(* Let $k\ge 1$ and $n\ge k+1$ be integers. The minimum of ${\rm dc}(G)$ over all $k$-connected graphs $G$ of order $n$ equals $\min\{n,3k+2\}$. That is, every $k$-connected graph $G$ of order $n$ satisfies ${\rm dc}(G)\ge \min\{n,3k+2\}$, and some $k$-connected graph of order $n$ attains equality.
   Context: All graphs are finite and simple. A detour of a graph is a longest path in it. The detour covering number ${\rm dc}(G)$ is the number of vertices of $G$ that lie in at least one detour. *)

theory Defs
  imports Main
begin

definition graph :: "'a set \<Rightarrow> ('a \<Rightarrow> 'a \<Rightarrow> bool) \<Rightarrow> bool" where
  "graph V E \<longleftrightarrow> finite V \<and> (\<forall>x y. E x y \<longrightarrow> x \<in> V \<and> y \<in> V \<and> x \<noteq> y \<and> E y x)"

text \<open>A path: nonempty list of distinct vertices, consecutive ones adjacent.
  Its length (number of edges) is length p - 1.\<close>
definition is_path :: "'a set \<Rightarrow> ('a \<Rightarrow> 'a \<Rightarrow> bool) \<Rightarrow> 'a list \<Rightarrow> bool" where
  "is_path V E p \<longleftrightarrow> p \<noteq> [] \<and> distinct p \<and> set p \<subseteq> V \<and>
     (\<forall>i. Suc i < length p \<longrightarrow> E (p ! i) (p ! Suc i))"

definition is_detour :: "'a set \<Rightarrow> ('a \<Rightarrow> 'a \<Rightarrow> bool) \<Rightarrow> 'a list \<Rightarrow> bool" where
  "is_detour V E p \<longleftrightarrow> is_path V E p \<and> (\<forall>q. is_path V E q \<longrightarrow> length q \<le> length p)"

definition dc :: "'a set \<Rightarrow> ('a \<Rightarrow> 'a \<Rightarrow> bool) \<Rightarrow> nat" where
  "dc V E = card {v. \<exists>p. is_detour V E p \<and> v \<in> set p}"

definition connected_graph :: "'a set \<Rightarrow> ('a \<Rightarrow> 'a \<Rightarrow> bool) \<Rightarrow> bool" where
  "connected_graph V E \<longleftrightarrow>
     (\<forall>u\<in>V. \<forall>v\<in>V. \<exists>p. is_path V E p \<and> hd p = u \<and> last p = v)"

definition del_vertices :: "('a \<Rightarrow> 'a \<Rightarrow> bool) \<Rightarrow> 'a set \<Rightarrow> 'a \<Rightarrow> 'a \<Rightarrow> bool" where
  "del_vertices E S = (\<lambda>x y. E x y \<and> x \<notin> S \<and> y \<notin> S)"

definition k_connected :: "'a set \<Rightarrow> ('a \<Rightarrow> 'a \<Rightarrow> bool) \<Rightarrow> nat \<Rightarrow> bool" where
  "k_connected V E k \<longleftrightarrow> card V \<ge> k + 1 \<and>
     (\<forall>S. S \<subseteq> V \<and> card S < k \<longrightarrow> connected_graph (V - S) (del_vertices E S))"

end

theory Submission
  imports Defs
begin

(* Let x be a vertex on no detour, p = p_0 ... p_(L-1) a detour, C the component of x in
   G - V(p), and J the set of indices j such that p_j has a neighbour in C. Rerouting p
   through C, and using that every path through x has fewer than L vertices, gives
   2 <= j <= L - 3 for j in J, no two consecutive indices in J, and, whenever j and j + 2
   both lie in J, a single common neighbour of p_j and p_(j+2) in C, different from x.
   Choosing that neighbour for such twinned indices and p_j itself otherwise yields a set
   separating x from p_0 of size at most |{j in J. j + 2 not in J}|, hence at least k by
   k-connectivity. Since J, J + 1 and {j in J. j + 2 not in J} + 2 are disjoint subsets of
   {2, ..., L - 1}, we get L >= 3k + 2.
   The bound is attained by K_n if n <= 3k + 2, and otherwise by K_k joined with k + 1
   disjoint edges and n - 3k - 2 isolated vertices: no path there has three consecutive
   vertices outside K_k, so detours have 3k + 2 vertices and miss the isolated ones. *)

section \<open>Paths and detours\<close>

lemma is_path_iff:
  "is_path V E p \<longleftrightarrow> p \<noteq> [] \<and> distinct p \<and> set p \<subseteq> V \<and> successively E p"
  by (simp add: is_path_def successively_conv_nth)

---

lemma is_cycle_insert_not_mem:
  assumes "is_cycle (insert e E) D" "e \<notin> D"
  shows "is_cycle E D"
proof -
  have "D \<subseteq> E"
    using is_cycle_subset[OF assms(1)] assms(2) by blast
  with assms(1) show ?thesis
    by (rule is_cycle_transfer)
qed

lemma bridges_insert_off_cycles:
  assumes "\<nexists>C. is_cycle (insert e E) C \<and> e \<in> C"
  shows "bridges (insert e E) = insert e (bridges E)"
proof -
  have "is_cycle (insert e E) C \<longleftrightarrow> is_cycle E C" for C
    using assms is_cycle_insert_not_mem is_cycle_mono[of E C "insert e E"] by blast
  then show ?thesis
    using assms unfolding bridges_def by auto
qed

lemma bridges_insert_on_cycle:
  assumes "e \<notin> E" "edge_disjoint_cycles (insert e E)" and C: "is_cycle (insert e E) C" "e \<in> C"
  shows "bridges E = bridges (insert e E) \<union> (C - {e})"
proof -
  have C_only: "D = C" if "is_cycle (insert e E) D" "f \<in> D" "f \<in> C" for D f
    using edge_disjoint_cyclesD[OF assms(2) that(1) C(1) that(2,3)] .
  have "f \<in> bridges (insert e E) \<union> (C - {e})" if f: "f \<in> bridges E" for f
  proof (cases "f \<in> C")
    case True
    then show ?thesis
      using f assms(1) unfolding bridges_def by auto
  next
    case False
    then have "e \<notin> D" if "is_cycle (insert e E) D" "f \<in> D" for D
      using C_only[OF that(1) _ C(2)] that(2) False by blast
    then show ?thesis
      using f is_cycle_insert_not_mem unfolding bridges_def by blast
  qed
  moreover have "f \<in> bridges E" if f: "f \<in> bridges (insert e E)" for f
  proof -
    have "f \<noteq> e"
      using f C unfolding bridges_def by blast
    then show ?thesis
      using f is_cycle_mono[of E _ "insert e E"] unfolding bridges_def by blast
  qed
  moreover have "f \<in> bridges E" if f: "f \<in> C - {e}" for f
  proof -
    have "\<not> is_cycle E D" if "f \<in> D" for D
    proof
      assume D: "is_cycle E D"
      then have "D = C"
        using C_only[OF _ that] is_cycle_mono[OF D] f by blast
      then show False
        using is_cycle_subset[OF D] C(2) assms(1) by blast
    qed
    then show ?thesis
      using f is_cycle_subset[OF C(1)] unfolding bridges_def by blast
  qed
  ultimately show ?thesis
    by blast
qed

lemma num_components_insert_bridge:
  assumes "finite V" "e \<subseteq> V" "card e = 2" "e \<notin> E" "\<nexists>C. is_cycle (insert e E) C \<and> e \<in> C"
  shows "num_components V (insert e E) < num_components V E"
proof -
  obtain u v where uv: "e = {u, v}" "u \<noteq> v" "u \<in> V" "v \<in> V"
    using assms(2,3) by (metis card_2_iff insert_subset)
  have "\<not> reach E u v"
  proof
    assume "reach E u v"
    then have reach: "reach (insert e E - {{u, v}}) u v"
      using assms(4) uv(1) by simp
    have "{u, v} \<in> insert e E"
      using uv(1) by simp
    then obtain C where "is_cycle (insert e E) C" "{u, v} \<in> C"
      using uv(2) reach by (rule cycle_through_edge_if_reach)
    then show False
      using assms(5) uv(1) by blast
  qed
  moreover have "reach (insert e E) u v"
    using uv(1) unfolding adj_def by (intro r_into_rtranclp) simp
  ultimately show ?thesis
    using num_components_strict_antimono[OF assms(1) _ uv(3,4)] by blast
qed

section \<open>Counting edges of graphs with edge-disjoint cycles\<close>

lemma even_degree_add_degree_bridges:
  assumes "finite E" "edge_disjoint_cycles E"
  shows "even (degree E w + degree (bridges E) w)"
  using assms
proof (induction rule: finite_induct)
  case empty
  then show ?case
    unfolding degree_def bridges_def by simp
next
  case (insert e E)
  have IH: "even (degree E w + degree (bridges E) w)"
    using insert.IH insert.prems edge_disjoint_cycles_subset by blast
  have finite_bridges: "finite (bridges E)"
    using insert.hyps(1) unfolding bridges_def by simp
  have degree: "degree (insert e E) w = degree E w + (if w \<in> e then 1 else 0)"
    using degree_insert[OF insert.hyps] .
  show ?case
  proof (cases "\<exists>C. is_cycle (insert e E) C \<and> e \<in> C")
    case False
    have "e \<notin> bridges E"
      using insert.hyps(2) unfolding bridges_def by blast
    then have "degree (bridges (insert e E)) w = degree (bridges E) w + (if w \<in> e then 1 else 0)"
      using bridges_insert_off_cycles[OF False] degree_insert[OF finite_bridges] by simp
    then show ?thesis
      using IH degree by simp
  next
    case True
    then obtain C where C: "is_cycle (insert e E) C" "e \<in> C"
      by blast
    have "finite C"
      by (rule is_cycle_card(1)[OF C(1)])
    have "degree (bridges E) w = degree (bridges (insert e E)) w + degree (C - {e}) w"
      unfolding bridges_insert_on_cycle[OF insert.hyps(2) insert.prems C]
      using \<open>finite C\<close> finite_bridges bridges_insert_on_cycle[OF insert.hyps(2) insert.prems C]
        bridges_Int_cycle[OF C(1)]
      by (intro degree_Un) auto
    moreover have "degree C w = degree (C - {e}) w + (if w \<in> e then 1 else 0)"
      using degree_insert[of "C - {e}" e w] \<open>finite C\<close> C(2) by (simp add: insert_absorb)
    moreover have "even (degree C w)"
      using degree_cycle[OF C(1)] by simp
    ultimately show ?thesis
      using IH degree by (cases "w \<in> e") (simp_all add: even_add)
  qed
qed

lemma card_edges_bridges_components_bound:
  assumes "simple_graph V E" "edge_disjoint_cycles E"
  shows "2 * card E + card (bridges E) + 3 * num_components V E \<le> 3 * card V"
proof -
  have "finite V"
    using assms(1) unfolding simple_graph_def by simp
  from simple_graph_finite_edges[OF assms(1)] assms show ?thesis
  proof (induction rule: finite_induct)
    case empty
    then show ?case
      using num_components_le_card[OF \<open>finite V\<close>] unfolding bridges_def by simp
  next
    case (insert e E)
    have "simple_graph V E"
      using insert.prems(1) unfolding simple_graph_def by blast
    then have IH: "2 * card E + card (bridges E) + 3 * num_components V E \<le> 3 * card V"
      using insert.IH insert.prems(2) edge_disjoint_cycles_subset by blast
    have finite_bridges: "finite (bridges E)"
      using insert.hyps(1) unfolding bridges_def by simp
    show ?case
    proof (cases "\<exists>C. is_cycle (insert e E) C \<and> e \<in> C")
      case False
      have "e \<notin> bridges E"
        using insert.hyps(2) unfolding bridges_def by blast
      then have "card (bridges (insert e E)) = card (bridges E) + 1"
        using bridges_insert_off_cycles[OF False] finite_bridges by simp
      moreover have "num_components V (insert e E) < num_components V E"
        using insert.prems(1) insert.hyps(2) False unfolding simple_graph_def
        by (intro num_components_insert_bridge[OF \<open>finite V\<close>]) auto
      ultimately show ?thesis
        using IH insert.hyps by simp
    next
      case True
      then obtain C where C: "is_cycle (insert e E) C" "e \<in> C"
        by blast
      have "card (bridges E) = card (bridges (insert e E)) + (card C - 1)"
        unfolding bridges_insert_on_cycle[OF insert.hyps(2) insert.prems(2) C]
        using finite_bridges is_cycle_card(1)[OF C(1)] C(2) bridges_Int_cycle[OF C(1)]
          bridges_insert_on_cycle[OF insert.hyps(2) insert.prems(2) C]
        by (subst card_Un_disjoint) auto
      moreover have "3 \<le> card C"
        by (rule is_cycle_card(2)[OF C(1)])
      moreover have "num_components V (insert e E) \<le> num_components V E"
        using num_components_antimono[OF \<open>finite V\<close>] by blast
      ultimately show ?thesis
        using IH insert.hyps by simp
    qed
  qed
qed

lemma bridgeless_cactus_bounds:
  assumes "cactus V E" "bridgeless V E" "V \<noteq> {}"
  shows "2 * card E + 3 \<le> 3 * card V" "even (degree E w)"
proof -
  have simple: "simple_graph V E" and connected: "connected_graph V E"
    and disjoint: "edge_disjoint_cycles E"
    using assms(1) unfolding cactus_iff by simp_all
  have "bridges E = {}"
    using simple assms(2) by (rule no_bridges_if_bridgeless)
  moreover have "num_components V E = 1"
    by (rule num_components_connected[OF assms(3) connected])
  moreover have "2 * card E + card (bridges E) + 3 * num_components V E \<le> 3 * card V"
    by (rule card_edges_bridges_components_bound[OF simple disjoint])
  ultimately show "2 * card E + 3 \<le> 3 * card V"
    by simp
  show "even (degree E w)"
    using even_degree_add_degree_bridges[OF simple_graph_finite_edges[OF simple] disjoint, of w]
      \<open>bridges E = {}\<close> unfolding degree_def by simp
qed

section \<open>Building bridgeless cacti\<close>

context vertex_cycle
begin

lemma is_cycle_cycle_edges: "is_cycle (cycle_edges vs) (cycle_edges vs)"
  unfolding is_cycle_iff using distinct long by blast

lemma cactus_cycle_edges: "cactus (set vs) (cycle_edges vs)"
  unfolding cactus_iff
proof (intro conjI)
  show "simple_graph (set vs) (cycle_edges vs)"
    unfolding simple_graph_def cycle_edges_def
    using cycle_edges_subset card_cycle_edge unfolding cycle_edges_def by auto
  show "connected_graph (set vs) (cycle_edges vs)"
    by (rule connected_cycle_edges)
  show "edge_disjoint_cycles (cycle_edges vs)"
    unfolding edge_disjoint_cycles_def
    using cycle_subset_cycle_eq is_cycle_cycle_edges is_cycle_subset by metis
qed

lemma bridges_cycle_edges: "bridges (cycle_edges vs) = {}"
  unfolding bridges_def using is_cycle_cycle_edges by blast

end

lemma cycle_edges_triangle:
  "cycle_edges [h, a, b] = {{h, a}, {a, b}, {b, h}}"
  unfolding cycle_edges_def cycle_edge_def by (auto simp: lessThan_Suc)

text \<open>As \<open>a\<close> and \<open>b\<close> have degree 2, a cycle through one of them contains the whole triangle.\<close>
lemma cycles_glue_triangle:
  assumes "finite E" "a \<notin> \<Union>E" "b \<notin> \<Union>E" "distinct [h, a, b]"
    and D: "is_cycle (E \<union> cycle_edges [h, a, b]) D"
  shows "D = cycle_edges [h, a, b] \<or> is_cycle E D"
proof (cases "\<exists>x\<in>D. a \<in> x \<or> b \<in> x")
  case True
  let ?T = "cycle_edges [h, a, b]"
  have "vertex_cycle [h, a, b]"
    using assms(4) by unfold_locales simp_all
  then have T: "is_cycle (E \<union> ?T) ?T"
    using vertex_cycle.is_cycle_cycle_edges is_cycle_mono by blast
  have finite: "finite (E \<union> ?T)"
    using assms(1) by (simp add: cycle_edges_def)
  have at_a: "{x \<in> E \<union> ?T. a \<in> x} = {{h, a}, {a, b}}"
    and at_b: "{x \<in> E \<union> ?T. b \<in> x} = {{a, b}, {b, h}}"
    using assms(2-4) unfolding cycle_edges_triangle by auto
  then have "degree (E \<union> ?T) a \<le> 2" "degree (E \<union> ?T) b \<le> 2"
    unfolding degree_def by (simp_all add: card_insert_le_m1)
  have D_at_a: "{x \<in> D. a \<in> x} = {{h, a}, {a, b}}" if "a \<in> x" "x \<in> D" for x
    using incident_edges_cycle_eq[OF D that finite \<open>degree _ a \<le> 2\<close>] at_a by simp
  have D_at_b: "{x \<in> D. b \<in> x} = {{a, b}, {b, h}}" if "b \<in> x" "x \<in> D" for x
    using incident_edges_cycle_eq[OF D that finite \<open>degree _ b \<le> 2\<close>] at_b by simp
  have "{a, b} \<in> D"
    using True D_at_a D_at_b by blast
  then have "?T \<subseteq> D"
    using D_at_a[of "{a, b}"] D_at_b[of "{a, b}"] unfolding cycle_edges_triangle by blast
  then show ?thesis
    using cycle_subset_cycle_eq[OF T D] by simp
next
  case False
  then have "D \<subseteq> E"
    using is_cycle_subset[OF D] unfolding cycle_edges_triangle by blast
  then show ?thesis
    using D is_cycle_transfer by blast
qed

▸ Instructions to follow
There is a run of lines above from the one with "using num_components_le_card[OF \<open>finite" to the one with "using insert.prems(1) unfolding"; print exactly that run, both ends included, and nothing else.

▸ Response to the exercise
      using num_components_le_card[OF \<open>finite V\<close>] unfolding bridges_def by simp
  next
    case (insert e E)
    have "simple_graph V E"
      using insert.prems(1) unfolding simple_graph_def by blast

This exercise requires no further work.